● **Aim of the task**
Which lines of the records below contain the string "ultimately"? Report each of them.

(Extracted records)
--

lemma ca_eq_l1_pairing:
  assumes ca: "is_ca \<mu>"
  shows "blinfun_apply \<mu> x = (\<Sum>n. ba_measure \<mu> {n} * apply_bcontfun x n)"
proof -
  define L where "L y = (\<Sum>n. ba_measure \<mu> {n} * apply_bcontfun y n)" for y
  have L: "bounded_linear L"
    unfolding L_def using ca_summable_abs_point_masses[OF ca] by (rule bounded_linear_l1_pairing)
  have "span (range ind) \<subseteq> {y. blinfun_apply \<mu> y = L y}"
  proof
    fix y
    assume "y \<in> span (range ind)"
    moreover have "blinfun_apply \<mu> (ind A) = L (ind A)" for A
      using ca_point_masses_sums[OF ca, of A] unfolding L_def ba_measure_def
      by (simp add: sums_iff)
    ultimately show "y \<in> {y. blinfun_apply \<mu> y = L y}"
      using linear_eq_on_span[of "blinfun_apply \<mu>" L "range ind" y]
        bounded_linear.linear[OF blinfun.bounded_linear_right] bounded_linear.linear[OF L]
      by auto
  qed
  moreover have "closed {y. blinfun_apply \<mu> y = L y}"
    using L by (intro closed_Collect_eq linear_continuous_on blinfun.bounded_linear_right)
  ultimately have "closure (span (range ind)) \<subseteq> {y. blinfun_apply \<mu> y = L y}"
    by (rule closure_minimal)
  with bcontfun_in_closure_span_ind show ?thesis
    unfolding L_def by blast
qed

--

● **Exercise response**
    ultimately show "y \<in> {y. blinfun_apply \<mu> y = L y}"
  ultimately have "closure (span (range ind)) \<subseteq> {y. blinfun_apply \<mu> y = L y}"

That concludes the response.